Love story w tytule sugerowałoby lekką, miłosną opowieść i w zasadzie z takim nastawieniem sięgnęłam po książkę. Jakież było moje zdziwienie, gdy już na początku autorka zrzuca na czytelnika bombę w postaci tragicznego wydarzenia. Ale spokojnie, wbrew pozorom to nie jest smutna opowieść. Choć rzeczywiście są i przykre momenty i relacje. Najbardziej zabolało mnie traktowanie Glorii, głównej bohaterki, przez jej rodziców. Na szczęście a Hiszpanii dziewczyna znalazła kogoś, kto choć na chwilę pozwolił jej o tym zapomnieć i na powrót cieszyć się życiem i nie przejmować rzeczami, na które nie ma się wpływu.
Opowieść utrzymana jest w lekkim tonie, ale jednocześnie porusza ważne i trudne tematy jak strata najbliższej osoby, ciężar tragedii, z którym trzeba się zmierzyć oraz konsekwencje błędów z przeszłości. A co poza tym? Dużo pozytywnych wibracji, chwytania życia za rogi, stanów zakochania i beztroski oraz dzielenia się tym, co najlepsze.

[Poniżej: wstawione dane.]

lemma X_moments:
  "integrable M (X t)" "expectation (X t) = C1"
  "integrable M (\<lambda>\<omega>. (X t \<omega>)\<^sup>2)" "expectation (\<lambda>\<omega>. (X t \<omega>)\<^sup>2) = C2"
proof -
  note integrable = eps_moments(1,3)[of t] eta_moments(1,3)[of t] abs_eps_mult_eta(1)[of t]
  have square: "(X t \<omega>)\<^sup>2 = \<alpha>1\<^sup>2 * (eps t \<omega>)\<^sup>2 + \<beta>1\<^sup>2 * (eta t \<omega>)\<^sup>2 + \<gamma>1\<^sup>2
      + 2 * \<alpha>1 * \<beta>1 * (\<bar>eps t \<omega>\<bar> * eta t \<omega>) + 2 * \<alpha>1 * \<gamma>1 * \<bar>eps t \<omega>\<bar> + 2 * \<beta>1 * \<gamma>1 * eta t \<omega>" for \<omega>
    by (simp add: X_def power2_eq_square algebra_simps abs_mult_self_eq)
  show "integrable M (X t)"
    unfolding X_def using integrable by auto
  show "integrable M (\<lambda>\<omega>. (X t \<omega>)\<^sup>2)"
    unfolding square using integrable by auto
  show "expectation (X t) = C1" "expectation (\<lambda>\<omega>. (X t \<omega>)\<^sup>2) = C2"
    using C1_def C2_def by (simp_all add: X_def[abs_def])
qed

lemma eta_mult_X:
  "integrable M (\<lambda>\<omega>. eta t \<omega> * X t \<omega>)"
  "expectation (\<lambda>\<omega>. eta t \<omega> * X t \<omega>) = \<alpha>1 * sqrt (2 / pi) * k + \<beta>1 * (k + k\<^sup>2) + \<gamma>1 * k"
proof -
  have expand: "eta t \<omega> * X t \<omega> = \<alpha>1 * (\<bar>eps t \<omega>\<bar> * eta t \<omega>) + \<beta>1 * (eta t \<omega>)\<^sup>2 + \<gamma>1 * eta t \<omega>" for \<omega>
    by (simp add: X_def power2_eq_square algebra_simps)
  show "integrable M (\<lambda>\<omega>. eta t \<omega> * X t \<omega>)"
    unfolding expand using eta_moments abs_eps_mult_eta by auto
  show "expectation (\<lambda>\<omega>. eta t \<omega> * X t \<omega>) = \<alpha>1 * sqrt (2 / pi) * k + \<beta>1 * (k + k\<^sup>2) + \<gamma>1 * k"
    unfolding expand using eta_moments abs_eps_mult_eta by simp
qed

lemma C2_nonneg: "0 \<le> C2"
proof -
  have "0 \<le> expectation (\<lambda>\<omega>. (X 0 \<omega>)\<^sup>2)"
    by (rule Bochner_Integration.integral_nonneg) simp
  then show ?thesis using X_moments(4)[of 0] by simp
qed

lemma C1_pos: "0 < C1"
  using C2_nonneg C2_less_C1 by simp

lemma X_nonneg: "AE \<omega> in M. \<forall>t. 0 \<le> X t \<omega>"
  using eta_nonneg by eventually_elim (use \<alpha>1_pos \<beta>1_pos \<gamma>1_pos in \<open>simp add: X_def\<close>)

lemma xprod_noise_nonneg: "AE \<omega> in M. \<forall>u n. 0 \<le> xprod (noise \<omega>) u n"
  using X_nonneg
proof eventually_elim
  case (elim \<omega>)
  have "0 \<le> xprod (noise \<omega>) u n" for u n
    by (induction n arbitrary: u) (use elim in \<open>simp_all add: X_eq_x_of\<close>)
  then show ?case by blast
qed

subsection \<open>Positivity and the causal representation of \<open>h\<close>\<close>

lemma xprod_noise_square:
  "integrable M (\<lambda>\<omega>. (xprod (noise \<omega>) u n)\<^sup>2) \<and> expectation (\<lambda>\<omega>. (xprod (noise \<omega>) u n)\<^sup>2) = C2 ^ n"
proof (induction n arbitrary: u)
  case 0
  then show ?case by (simp add: prob_space)
next
  case (Suc n)
  have past: "at_times {u - 1 - int n..<u - 1} \<subseteq> at_times {..<u - 1}"
    by (rule at_times_mono) auto
  have F: "(\<lambda>z. (xprod z (u - 1) n)\<^sup>2) \<in> borel_measurable (PiM (at_times {..<u - 1}) (\<lambda>_. borel))"
    using xprod_measurable[OF past] by measurable
  have G: "(\<lambda>z. (x_of z (u - 1))\<^sup>2) \<in> borel_measurable (PiM (at_times {u - 1}) (\<lambda>_. borel))"
    using x_of_measurable[of "u - 1"] by measurable
  have disjoint: "at_times {..<u - 1} \<inter> at_times {u - 1} = {}"
    by (rule at_times_disjoint) auto
  note product = noise_blocks_expectation_mult[OF disjoint F G,
      unfolded xprod_restrict[OF past] x_of_restrict[OF order_refl], folded X_eq_x_of]
  have "(xprod (noise \<omega>) u (Suc n))\<^sup>2 = (xprod (noise \<omega>) (u - 1) n)\<^sup>2 * (X (u - 1) \<omega>)\<^sup>2" for \<omega>
    by (simp add: X_eq_x_of power_mult_distrib)
  then show ?case using product Suc.IH X_moments(3,4) by simp
qed

lemma integrable_abs_h_mult_xprod:
  "integrable M (\<lambda>\<omega>. \<bar>h (u - int n) \<omega>\<bar> * xprod (noise \<omega>) u n)"
proof (rule Bochner_Integration.integrable_bound)
  show "integrable M (\<lambda>\<omega>. ((h (u - int n) \<omega>)\<^sup>2 + (xprod (noise \<omega>) u n)\<^sup>2) / 2)"
    using finite_var xprod_noise_square by auto
  show "AE \<omega> in M. norm (\<bar>h (u - int n) \<omega>\<bar> * xprod (noise \<omega>) u n)
      \<le> norm (((h (u - int n) \<omega>)\<^sup>2 + (xprod (noise \<omega>) u n)\<^sup>2) / 2)"
    using mult_le_weighted_squares[of 1 "\<bar>h (u - int n) _\<bar>" "\<bar>xprod (noise _) u n\<bar>"]
    by (intro AE_I2) (simp add: abs_mult)
qed measurable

Skończyłam czytać z lekkim niedosytem i wrażeniem, że ostatnie strony były pisane na prędce. Wszystko działo się bardzo szybko, było kilka niedopowiedzeń i otwartych furtek. Nie chodzi mi o przesadne rozciąganie wydarzeń, bo wtedy to się ciągnie jak flaki z olejem i człowiek się strasznie męczy przy czytaniu, ale wystarczyłoby nieco...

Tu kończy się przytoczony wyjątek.